By Sarah Palmer, CES Communications
Nina Gheihman, a former CES Graduate Student Affiliate, recently graduated from Harvard University with a Ph.D. in sociology. Currently, she is jointly appointed as a postdoctoral researcher at the Sustainable Food Initiative at University of California, Berkeley’s Haas School of Business and is a Visiting Scholar in the Animal Law & Policy Program at Harvard Law School.
Nina Gheihman is no stranger to unexpected twists of fate. When she originally proposed a dissertation focused on veganism, she was strongly cautioned against focusing her work on such a fringe topic. However, she wasn’t deterred and as a result, she got to witness the inner-workings of just how this niche activist movement evolved into a cultural behemoth.
Fast-forward five years and once again she was, along with the world, embroiled in a major upheaval. This was a global pandemic, which disrupted the final months of her Ph.D. candidacy. “I was in the final throes of finishing my dissertation and, as everybody tells you, the last few months are really intense. And on top of that, I'm actually Canadian so I didn’t know if I would have to go back to Canada.”
Thankfully, Gheihman was able to stay in the U.S. and, while initially disappointed that her friends and family couldn’t come to her defense in person, she quickly realized that with a virtual defense the whole world was open to her. Her research, which was funded through a Krupp Foundation Dissertation Research Fellowship from CES and the Weatherhead Center for International Affairs, sent her to France, Israel, and California. Via the wonders of Zoom, she was able to invite over 75 people from across the globe to witness the fruits of her labor.
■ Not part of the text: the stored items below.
(* Assume that $f_a(0)=\lim_{u\downarrow0}f_a(u)$ is finite for every $a\in A$. Let $\theta\in\mathbb R^n$ and $p^*\in\mathcal M_1^+(A)$ with $I(p^* )-\sum_j\theta_j\langle p^*,H_j\rangle$ finite. The following are equivalent: (1) $p^*$ satisfies the variational principle with parameters $\theta$; (2) there exist $\alpha\in\mathbb R$ and a subset $A_0\subseteq A$ such that (i) $f_a(p^*_a)=-\alpha-\sum_{j=1}^n\theta_jH_j(a)$ for all $a\in A\setminus A_0$; (ii) $p^*_a=0$ for all $a\in A_0$; (iii) $f_a(0)+\sum_{j=1}^n\theta_jH_j(a)\ge-\alpha$ for all $a\in A_0$.
   Context: Let $A$ be a finite or countable set and $\mathcal M_1^+(A)$ the set of probability distributions $p=(p_a)_{a\in A}$ on $A$. For each $a\in A$ let $h_a:[0,1]\to\mathbb R$ be continuous and strictly concave with $h_a(0)=h_a(1)=0$, differentiable on $(0,1)$ with $h_a'(u)=-f_a(u)$, where $f_a$ extends to a continuous (necessarily strictly increasing) function on $(0,1]$; put $f_a(0)=\lim_{u\downarrow0}f_a(u)\in[-\infty,\infty)$. The generalised entropy is $I(p)=\sum_{a\in A}h_a(p_a)\in[0,+\infty]$. Let $H_1,\dots,H_n:A\to\mathbb R$ be functions bounded from below, and write $\langle p,X\rangle=\sum_{a}p_aX(a)$. A distribution $p^*\in\mathcal M_1^+(A)$ satisfies the variational principle with parameters $\theta=(\theta_1,\dots,\theta_n)\in\mathbb R^n$ if $+\infty> I(p^* )-\sum_{j=1}^n\theta_j\langle p^*,H_j\rangle\ \ge\ I(p)-\sum_{j=1}^n\theta_j\langle p,H_j\rangle$ for all $p\in\mathcal M_1^+(A)$. *)

theory Defs
  imports "HOL-Analysis.Analysis"
begin

definition strictly_concave_on :: "real set \<Rightarrow> (real \<Rightarrow> real) \<Rightarrow> bool" where
  "strictly_concave_on S g \<longleftrightarrow> convex S \<and>
     (\<forall>x\<in>S. \<forall>y\<in>S. x \<noteq> y \<longrightarrow> (\<forall>t. 0 < t \<and> t < 1 \<longrightarrow>
        g (t * x + (1 - t) * y) > t * g x + (1 - t) * g y))"

definition prob_dists :: "'a set \<Rightarrow> ('a \<Rightarrow> real) set" where
  "prob_dists A = {p. (\<forall>a\<in>A. 0 \<le> p a) \<and> (\<forall>a. a \<notin> A \<longrightarrow> p a = 0) \<and> (p has_sum 1) A}"

text \<open>Sum over A of a real family with values in [-inf,+inf]; used only for families whose
  negative part is summable, so non-summability means divergence to +infinity.\<close>
definition esum :: "'a set \<Rightarrow> ('a \<Rightarrow> real) \<Rightarrow> ereal" where
  "esum A g = (if g summable_on A then ereal (infsum g A) else \<infinity>)"

text \<open>Generalised entropy I(p) = sum_a h_a(p_a) (terms are nonnegative).\<close>
definition gen_entropy :: "'a set \<Rightarrow> ('a \<Rightarrow> real \<Rightarrow> real) \<Rightarrow> ('a \<Rightarrow> real) \<Rightarrow> ereal" where
  "gen_entropy A h p = esum A (\<lambda>a. h a (p a))"

text \<open>Pairing <p,X> = sum_a p_a X(a) (X bounded below).\<close>
definition pairing :: "'a set \<Rightarrow> ('a \<Rightarrow> real) \<Rightarrow> ('a \<Rightarrow> real) \<Rightarrow> ereal" where
  "pairing A p X = esum A (\<lambda>a. p a * X a)"
(* The matroid $V_{10}$ has the half-plane property; that is, $f_{10}$ is stable.
   Context: $V_{10}$ is the matroid on $\{1,\dots,10\}$ whose bases are all $4$-element subsets of $\{1,\dots,10\}$ except $\{1,2,3,4\},\{1,2,5,6\},\{1,2,7,8\},\{1,2,9,10\},\{3,4,5,6\},\{5,6,7,8\},\{7,8,9,10\}$, and $f_{10}=\sum_{B}\prod_{i\in B}x_i\in\mathbb{R}[x_1,\dots,x_{10}]$ (sum over bases $B$ of $V_{10}$) is its basis generating polynomial. A homogeneous real polynomial $f$ is stable if for all $v\in(\mathbb{R}_{>0})^{10}$ and $w\in\mathbb{R}^{10}$, $f(tv+w)\in\mathbb{R}[t]$ has only real roots; a matroid has the half-plane property if its basis generating polynomial is stable. *)

theory Defs
  imports Complex_Main
begin

definition V10_bases :: "nat set set" where
  "V10_bases = {B. B \<subseteq> {1..10} \<and> card B = 4} -
     {{1,2,3,4}, {1,2,5,6}, {1,2,7,8}, {1,2,9,10}, {3,4,5,6}, {5,6,7,8}, {7,8,9,10}}"

text \<open>Basis generating polynomial of a set of bases, as a polynomial function
  (evaluated at complex points, so that complex roots can be discussed).\<close>
definition basis_gen_poly :: "nat set set \<Rightarrow> (nat \<Rightarrow> complex) \<Rightarrow> complex" where
  "basis_gen_poly \<B> x = (\<Sum>B\<in>\<B>. \<Prod>i\<in>B. x i)"

definition f10 :: "(nat \<Rightarrow> complex) \<Rightarrow> complex" where
  "f10 = basis_gen_poly V10_bases"

definition stable :: "nat \<Rightarrow> ((nat \<Rightarrow> complex) \<Rightarrow> complex) \<Rightarrow> bool" where
  "stable n f \<longleftrightarrow>
     (\<forall>v w :: nat \<Rightarrow> real. (\<forall>i\<in>{1..n}. v i > 0) \<longrightarrow>
        (\<forall>t :: complex. f (\<lambda>i. t * complex_of_real (v i) + complex_of_real (w i)) = 0
            \<longrightarrow> t \<in> \<real>))"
Now in California, Gheihman is working on converting her dissertation into a book for a general audience. “It is so important to educate. It's still important to promote this change in the food system.” She hopes to put out her book, How It All Vegan: The Inside Story of Icons, Informers, and Innovators Who Changed Food Forever, in 2022. This engaging look at the rise of veganism seeks to disentangle a complicated web that started with the rise of the meat and dairy industry in the post-WWII boom. Threads in this web include the meat and dairy hegemony, the subliminal messaging that pervades how we as a society engage with food, and the shifting societal role that veganism has, and continues to have, in the collective consciousness.
Her book aims to educate, but also illustrate veganism’s incredible development over time. Currently, many people think of veganism as extreme, but as the health benefits, animal rights concerns and environmental advantages of vegan options become obvious, veganism has become more present in mainstream culture. Gheihman’s research has charted how veganism became a high-profile, elite trend, but also how the concept of eating “plant-based” has been integrated into day to day life.
“As a sociologist, I'm trying to take a step back and realize how all these forces are coming together in order to mainstream this movement.” Gheihman’s work has identified the major methods through which this cultural shift occurred. Broadly she has identified three strong pathways by which veganism took on cultural significance. These include its popularization by high-profile individuals, its presence on knowledge platforms such as social media and entertainment heavyweights like Netflix, and finally through the founding of companies who are providing protein alternatives that are feeding a public increasingly hungry for plant-based options.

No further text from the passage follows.